‘Impact beyond the diamond’ – Dr Lara Andrews on Education, Sport, Health and Rewards
Blazing trails is just what Dr Lara Andrews does. She is the recent recipient of Te Ati Awa Iwi Award – in recognition of her arahitanga as a mana wahine to whānau for services to the sport of softball across Aotearoa and internationally. She was the first woman from Aotearoa to play professional softball in America and has recently celebrated her 100th international cap as a member of the New Zealand White Sox playing a total of 186 games.
And here, as a fulltime employee of Te Herenga Waka—Victoria University of Wellington, Dr Andrews, Lecturer in Physical Activity and Wellbeing is behind the new Master of Physical Activity and Hauora (launched in 2024), in partnership with Sport NZ.
The Diamond (Status)
The recent Te Ati Awa Iwi Award awarded to Andrews is a collaboration between Te Ati Awa, Ngati Toa and Nuku Ora to acknowledge our whānau and their life’s work to encompass Oranga tonu tanga, or a "pathway to continuous wellbeing".
Bases Loaded
Juggling a high-performance sporting career, an academic career, and family is always the “balancing act”. Lara says she loves the role at the University because she can bring her sporting skills and educational experience together. It all comes from a desire to help young people eager to work in the sector.

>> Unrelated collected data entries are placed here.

(* If $u$ is a standard Lyndon–Shirshov word in $x_1,\dots,x_n$ that does not contain $x_n$, then either $u=x_kx_{k+1}\cdots x_m$ for some $1\le k\le m<n$, or $[u]=0$ in $U_q^+(\mathfrak{sp}_{2n})$, where $[u]$ denotes $u$ with the standard arrangement of (skew) brackets.
   Context: Let $\mathbf{k}$ be a field, $G$ an abelian group, $n\ge 2$, $X=\{x_1,\dots,x_n\}$, $g_i\in G$, characters $\chi^i:G\to\mathbf{k}^*$, $p_{ij}=\chi^i(g_j)$; for words $u,v$, $p(u,v)=\chi^u(g_v)$ where $g_u,\chi^u$ replace $x_i$ by $g_i$, resp. $\chi^i$. $G\langle X\rangle$: skew group algebra with $x_ig=\chi^i(g)gx_i$; skew bracket $[u,v]=uv-p(u,v)vu$. Fix $q\in\mathbf{k}^*$, $q^3\ne1$, $q\ne-1$; assume $p_{ii}=q$ ($i<n$), $p_{nn}=q^2$, $p_{i,i-1}p_{i-1,i}=q^{-1}$ ($1<i<n$), $p_{n-1,n}p_{n,n-1}=q^{-2}$, $p_{ij}p_{ji}=1$ ($j>i+1$). $U_q^+(\mathfrak{sp}_{2n})$ is the quotient of $G\langle X\rangle$ by the ideal generated by $[x_i,[x_i,x_{i+1}]]$, $[[x_i,x_{i+1}],x_{i+1}]$ ($1\le i<n-1$), $[x_i,x_j]$ ($j>i+1$), $[[x_{n-1},x_n],x_n]$, $[x_{n-1},[x_{n-1},[x_{n-1},x_n]]]$. Order $x_1>x_2>\dots>x_n$, and order words lexicographically from left to right, a proper beginning of a word being greater than the word. A nonempty word $u$ is standard (Lyndon–Shirshov) if $vw>wv$ for every decomposition $u=vw$ with $v,w$ nonempty. The standard bracketing is defined inductively: $[x_i]=x_i$, and for a standard word $u$ of length $\ge2$, $[u]=[[v],[w]]$ where $u=vw$ with $v,w$ standard and $v$ of minimal possible length. *)

theory Defs
  imports Main "HOL-Library.Poly_Mapping"
begin

(* Letters x_1,...,x_n are encoded as natural numbers 1..n; words are nat lists.
   The abelian group G is a type 'g :: ab_group_add (written additively),
   the field k is a type 'k :: field.
   chi i : G -> k is the character chi^i, g i \<in> G is g_i. *)

definition chi_word :: "(nat \<Rightarrow> 'g \<Rightarrow> 'k::field) \<Rightarrow> nat list \<Rightarrow> 'g \<Rightarrow> 'k" where
  "chi_word chi u h = prod_list (map (\<lambda>i. chi i h) u)"

definition g_word :: "(nat \<Rightarrow> 'g::ab_group_add) \<Rightarrow> nat list \<Rightarrow> 'g" where
  "g_word g v = sum_list (map g v)"

definition pw :: "(nat \<Rightarrow> 'g::ab_group_add \<Rightarrow> 'k::field) \<Rightarrow> (nat \<Rightarrow> 'g) \<Rightarrow> nat list \<Rightarrow> nat list \<Rightarrow> 'k" where
  "pw chi g u v = chi_word chi u (g_word g v)"

(* Elements of the skew group algebra G<X>: finite k-linear combinations of
   basis elements g*w (g \<in> G, w a word), encoded as (g, w). *)
type_synonym ('g, 'k) sga = "('g \<times> nat list) \<Rightarrow>\<^sub>0 'k"

(* multiplication: (g u)(h v) = chi^u(h) (g h)(u v), i.e. x_i h = chi^i(h) h x_i *)
definition sga_mul :: "(nat \<Rightarrow> 'g::ab_group_add \<Rightarrow> 'k::field) \<Rightarrow> ('g, 'k) sga \<Rightarrow> ('g, 'k) sga \<Rightarrow> ('g, 'k) sga" where
  "sga_mul chi a b =
     (\<Sum>x\<in>Poly_Mapping.keys a. \<Sum>y\<in>Poly_Mapping.keys b.
        Poly_Mapping.single (fst x + fst y, snd x @ snd y)
          (Poly_Mapping.lookup a x * Poly_Mapping.lookup b y * chi_word chi (snd x) (fst y)))"

definition sga_const :: "'k::field \<Rightarrow> ('g::ab_group_add, 'k) sga" where
  "sga_const c = Poly_Mapping.single (0, []) c"

definition sga_X :: "nat \<Rightarrow> ('g::ab_group_add, 'k::field) sga" where
  "sga_X i = Poly_Mapping.single (0, [i]) 1"

(* skew bracket [a,b] = ab - p(u,v) ba for a homogeneous of degree (word) u, b of degree v *)
definition sbr :: "(nat \<Rightarrow> 'g::ab_group_add \<Rightarrow> 'k::field) \<Rightarrow> (nat \<Rightarrow> 'g) \<Rightarrow>
     nat list \<Rightarrow> ('g, 'k) sga \<Rightarrow> nat list \<Rightarrow> ('g, 'k) sga \<Rightarrow> ('g, 'k) sga" where
  "sbr chi g u a v b = sga_mul chi a b - sga_mul chi (sga_mul chi (sga_const (pw chi g u v)) b) a"

inductive_set sga_ideal :: "(nat \<Rightarrow> 'g::ab_group_add \<Rightarrow> 'k::field) \<Rightarrow> ('g, 'k) sga set \<Rightarrow> ('g, 'k) sga set"
  for chi R where
  gen: "r \<in> R \<Longrightarrow> r \<in> sga_ideal chi R"
| zero: "0 \<in> sga_ideal chi R"
| add: "a \<in> sga_ideal chi R \<Longrightarrow> b \<in> sga_ideal chi R \<Longrightarrow> a + b \<in> sga_ideal chi R"
| lmul: "a \<in> sga_ideal chi R \<Longrightarrow> sga_mul chi c a \<in> sga_ideal chi R"
| rmul: "a \<in> sga_ideal chi R \<Longrightarrow> sga_mul chi a c \<in> sga_ideal chi R"

definition sp_rels :: "nat \<Rightarrow> (nat \<Rightarrow> 'g::ab_group_add \<Rightarrow> 'k::field) \<Rightarrow> (nat \<Rightarrow> 'g) \<Rightarrow> ('g, 'k) sga set" where
  "sp_rels n chi g =
     {sbr chi g [i] (sga_X i) [i, i+1] (sbr chi g [i] (sga_X i) [i+1] (sga_X (i+1))) | i. 1 \<le> i \<and> i < n - 1}
   \<union> {sbr chi g [i, i+1] (sbr chi g [i] (sga_X i) [i+1] (sga_X (i+1))) [i+1] (sga_X (i+1)) | i. 1 \<le> i \<and> i < n - 1}
   \<union> {sbr chi g [i] (sga_X i) [j] (sga_X j) | i j. 1 \<le> i \<and> i + 1 < j \<and> j \<le> n}
   \<union> {sbr chi g [n-1, n] (sbr chi g [n-1] (sga_X (n-1)) [n] (sga_X n)) [n] (sga_X n)}
   \<union> {sbr chi g [n-1] (sga_X (n-1)) [n-1, n-1, n]
        (sbr chi g [n-1] (sga_X (n-1)) [n-1, n]
          (sbr chi g [n-1] (sga_X (n-1)) [n] (sga_X n)))}"

definition zero_in_U :: "nat \<Rightarrow> (nat \<Rightarrow> 'g::ab_group_add \<Rightarrow> 'k::field) \<Rightarrow> (nat \<Rightarrow> 'g) \<Rightarrow> ('g, 'k) sga \<Rightarrow> bool" where
  "zero_in_U n chi g a \<longleftrightarrow> a \<in> sga_ideal chi (sp_rels n chi g)"

(* Word order: x_1 > x_2 > ... > x_n, i.e. letter i is greater than letter j iff i < j;
   lexicographic from the left; a proper beginning of a word is greater than the word. *)
definition word_gt :: "nat list \<Rightarrow> nat list \<Rightarrow> bool" where
  "word_gt u v \<longleftrightarrow>
     (\<exists>w. w \<noteq> [] \<and> v = u @ w) \<or>
     (\<exists>p a b s t. u = p @ a # s \<and> v = p @ b # t \<and> a < b)"

definition standard :: "nat list \<Rightarrow> bool" where
  "standard u \<longleftrightarrow> u \<noteq> [] \<and>
     (\<forall>v w. v \<noteq> [] \<longrightarrow> w \<noteq> [] \<longrightarrow> u = v @ w \<longrightarrow> word_gt (v @ w) (w @ v))"

definition std_split :: "nat list \<Rightarrow> nat" where
  "std_split u = (LEAST k. 0 < k \<and> k < length u \<and> standard (take k u) \<and> standard (drop k u))"

function std_bracket :: "(nat \<Rightarrow> 'g::ab_group_add \<Rightarrow> 'k::field) \<Rightarrow> (nat \<Rightarrow> 'g) \<Rightarrow> nat list \<Rightarrow> ('g, 'k) sga" where
  "std_bracket chi g u =
     (if length u = 1 then sga_X (hd u)
      else (let k = std_split u in
            if 0 < k \<and> k < length u then
              sbr chi g (take k u) (std_bracket chi g (take k u))
                        (drop k u) (std_bracket chi g (drop k u))
            else 0))"
  by pat_completeness auto
termination by (relation "measure (\<lambda>(_, _, u). length u)") auto

end

(*
  Induction on the length of the standard word u along its Shirshov factorization u = v w,
  v of least length.  If [v] or [w] vanishes, so does [u] = [[v], [w]].  Otherwise both are
  interval words, v = x_k ... x_m and w = x_s ... x_t, whose standard brackets are the
  right-normed ones.  Standardness of u and minimality of v leave, besides s = m + 1 (where u
  is itself an interval), three configurations: s > m + 1, where the brackets skew-commute
  because distant generators do; k < s <= t <= m, where [x_k ... x_m] skew-commutes with every
  letter of w; and s = k, m < t.  The last two rest on the Serre relations for three
  consecutive blocks a = [x_k ... x_i], b = x_(i+1), c = [x_(i+2) ... x_t], which satisfy the
  relations of the generators of U_q^+(sl_4); Jacobi-identity computations then give
  [[a, [b, c]], b] = 0 and [[a, b], [a, [b, c]]] = 0, dividing by 1 + q along the way.
*)

theory Submission
  imports Defs "HOL-Library.List_Lexorder"
begin

declare upt_Suc [simp del] std_bracket.simps [simp del]

abbreviation ivl :: "nat \<Rightarrow> nat \<Rightarrow> nat list" where
  "ivl k m \<equiv> [k..<Suc m]"

section \<open>Standard words\<close>

text \<open>The paper's order, with \<open>x\<^sub>1 > x\<^sub>2 > \<dots>\<close> and a proper beginning greater than
  the word, is exactly the reverse of the lexicographic order of \<open>List_Lexorder\<close>; so
  "greater" below always reads as \<open><\<close>.\<close>

lemma word_gt_iff_less: "word_gt u v \<longleftrightarrow> u < (v :: nat list)"
proof -
  have "(\<exists>w. w \<noteq> [] \<and> v = u @ w) \<longleftrightarrow> (\<exists>a w. v = u @ a # w)"
    by (metis list.exhaust list.distinct(1))
  then show ?thesis
    unfolding word_gt_def list_less_def lexord_def by (auto; blast)
qed

lemma standard_iff_less_rotations:
  "standard u \<longleftrightarrow> u \<noteq> [] \<and>
     (\<forall>v w. v \<noteq> [] \<longrightarrow> w \<noteq> [] \<longrightarrow> u = v @ w \<longrightarrow> v @ w < w @ (v :: nat list))"
  unfolding standard_def word_gt_iff_less by blast

lemma append_less_append_if_not_prefix:
  assumes "x < (y :: nat list)" "\<nexists>z. y = x @ z"
  shows "x @ a < y @ b"
proof -
  obtain p c d s t where "x = p @ c # s" "y = p @ d # t" "c < d"
    using assms unfolding list_less_def lexord_def by auto
  then show ?thesis by (simp add: list_less_def lexord_append_left_rightI)
qed

lemma append_less_append_same_left: "(x :: nat list) @ a < x @ b \<longleftrightarrow> a < b"
  by (simp add: list_less_def irrefl_def)

lemma less_of_append_less_append_eq_length:
  assumes "(v :: nat list) @ w < z @ w" "length v = length z" "v \<noteq> z"
  shows "v < z"
  using assms lexord_sufE unfolding list_less_def by blast

lemma standard_less_proper_suffix:
  assumes "standard u" "u = v @ w" "v \<noteq> []" "w \<noteq> []"
  shows "u < w"
proof (rule ccontr)
  have rot: "\<And>a b. a \<noteq> [] \<Longrightarrow> b \<noteq> [] \<Longrightarrow> u = a @ b \<Longrightarrow> a @ b < b @ a"
    using assms(1) standard_iff_less_rotations by blast
  assume "\<not> u < w"
  moreover have "u \<noteq> w" using assms by auto
  ultimately have "w < u" by auto
  show False
  proof (cases "\<exists>z. u = w @ z")
    case True
    then obtain z where z: "u = w @ z" by blast
    have "length z = length v" using z assms(2) by (metis add_left_cancel length_append add.commute)
    hence "z \<noteq> []" using assms(3) by auto
    have "w @ z < w @ v" using rot[OF assms(3,4,2)] z assms(2) by simp
    hence "z < v" by (simp add: append_less_append_same_left)
    have "v @ w < z @ w" using rot[OF assms(4) \<open>z \<noteq> []\<close> z] z assms(2) by simp
    hence "v < z"
      using \<open>z < v\<close> \<open>length z = length v\<close> less_of_append_less_append_eq_length by fastforce
    with \<open>z < v\<close> show False by auto
  next
    case False
    have "w @ v < u @ []" using append_less_append_if_not_prefix[OF \<open>w < u\<close> False] .
    with rot[OF assms(3,4,2)] assms(2) show False by auto
  qed
qed

lemma standard_if_less_proper_suffixes:
  assumes "u \<noteq> []" "\<And>v w. v \<noteq> [] \<Longrightarrow> w \<noteq> [] \<Longrightarrow> u = v @ w \<Longrightarrow> u < (w :: nat list)"
  shows "standard u"
  unfolding standard_iff_less_rotations
proof (intro conjI allI impI)
  fix v w :: "nat list"
  assume vw: "v \<noteq> []" "w \<noteq> []" "u = v @ w"
  have "\<nexists>z. w = u @ z"
    using vw by (auto dest: arg_cong[where f = length])
  with assms(2)[OF vw] have "u @ [] < w @ v"
    by (rule append_less_append_if_not_prefix)
  then show "v @ w < w @ v" using vw by simp
qed (use assms in simp)

text \<open>Shirshov's factorization: split off the least proper suffix.\<close>

lemma standard_least_proper_suffix:
  assumes "0 < i" "i < length u" and least: "\<And>j. 0 < j \<Longrightarrow> j < length u \<Longrightarrow> drop i u \<le> drop j u"
  shows "standard (drop i u)"
proof (rule standard_if_less_proper_suffixes)
  fix a b :: "nat list"
  assume ab: "a \<noteq> []" "b \<noteq> []" "drop i u = a @ b"
  have "b = drop (length a) (drop i u)" using ab(3)[symmetric] by (simp add: append_eq_conv_conj)
  then have "b = drop (i + length a) u" by (simp add: add.commute)
  moreover have "length u - i = length a + length b" using ab(3) by (metis length_append length_drop)
  with ab(2) assms(2) have "i + length a < length u" by (cases b) auto
  ultimately have "drop i u \<le> b" using least[of "i + length a"] assms(1) by simp
  moreover have "drop i u \<noteq> b" using ab by auto
  ultimately show "drop i u < b" by simp
qed (use assms in simp)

In America, Lara excelled at the sport she loves —softball. She played professionally while dedicating herself to academic study for 13 years at the University of Delaware. She designed a course promoting social Inclusion (in partnership with Special Olympics), giving students the ability to learn and play alongside athletes with intellectual disabilities on campus. The most important aspect of this, Lara says, is connection. “Not just learning theory, but getting to know people living with intellectual disability, actually working with them and gaining both understanding and a connection. This course is still being delivered today 9 years later”.
Home Run
Returning to New Zealand, Lara has built on that international experience and now teaches both undergraduate (launched this year 2025) and the brand new Master of Physical Activity and Hauora (launched in 2024).
Lara says sport was a way of learning for her. A safe space, and a place to feel more comfortable, given the rudimentary requirements around reading and writing weren’t offered in consideration of bilingual learners back then.
“When I was 18 there was no space for me here at the University. There was no opportunities to study sport or physical activity in the city where I was raised. So instead, I chose to travel overseas to gain that experience.”
She also has sport in her blood. Her cousins include famous golfer Michael Campbell (“he was in his prime when I was in my teens, I was on his parade float”) and Anna Andrews-Tasola, Head Coach for Netball team The Pulse.
Te Ao Maori is in a growth phase, says Lara. She was able to use some of the tenets when overseas and communicate in a way that non-speakers were still able to learn. This has also informed the way she teaches.
“Last year we built a new Masters of Physical Activity and Hauora and it is entirely about building community. What is special is seeing the feedback from students that say they never thought they would go to university, or never thought they would go back. They have increased confidence. They are realising their capability through learning from other students, and with other students from all areas of the sector, ACC, council, Healthy Families, Sport NZ, other sports organisations. It is all about passion, being active, exploring our natural environments and the connections to wellbeing”.
Around 90% of the Masters students were students 10-20 years ago, or this is their first time in tertiary education, but they have strong experience in the sports, play and exercise sector already.
Lara says her role as an educator, and this course in particular, gives her the platform to be both and do both, to role model sport as vocation and lifestyle choice, and to build opportunity for young people working in the sector.
The goal is to build a culturally competent future workforce for physical activity, sport, and health. It is about creating a unique tertiary qualification that fills a gap. Lara says the combination of play, physical activity, and a Māori approach, is what makes it a unique platform and qualification in New Zealand, and around the world, combining indigenous knowledge with wellbeing, using physical activity as the waka for this journey.
The undergraduate programme launched this year, with 50% theory and 50% practical. Students learn in an academic environment and then a practical way. Students learn from each other and learn to measure their own physical outputs and collect data from that to inform their teaching in future academic, coaching, managing, or other mentoring ways.
Becoming a Centurion – The Victory Lap
Earlier this year, Lara Captained the NZ White Sox, the New Zealand Women’s Softball team to compete in the Canada Cup. She has been representing New Zealand across the last 20 years, traveling the world playing the game she loves. She played her 100th international test as part of that 14-day campaign in Vancouver.
And from there to winning the Hutt Valley Sports Women of the Year and Te Ati Awa Iwi Award at the Wellington Sports Awards. Which Lara says “is special because it represents impact beyond the diamond. It shines a light on the true power of sport: Community, connection, and Aroha!”
Lara looks forward to presenting an award she donated, the Sporting and Academic Excellence Award at the Blues Awards Gala Event on 25th September.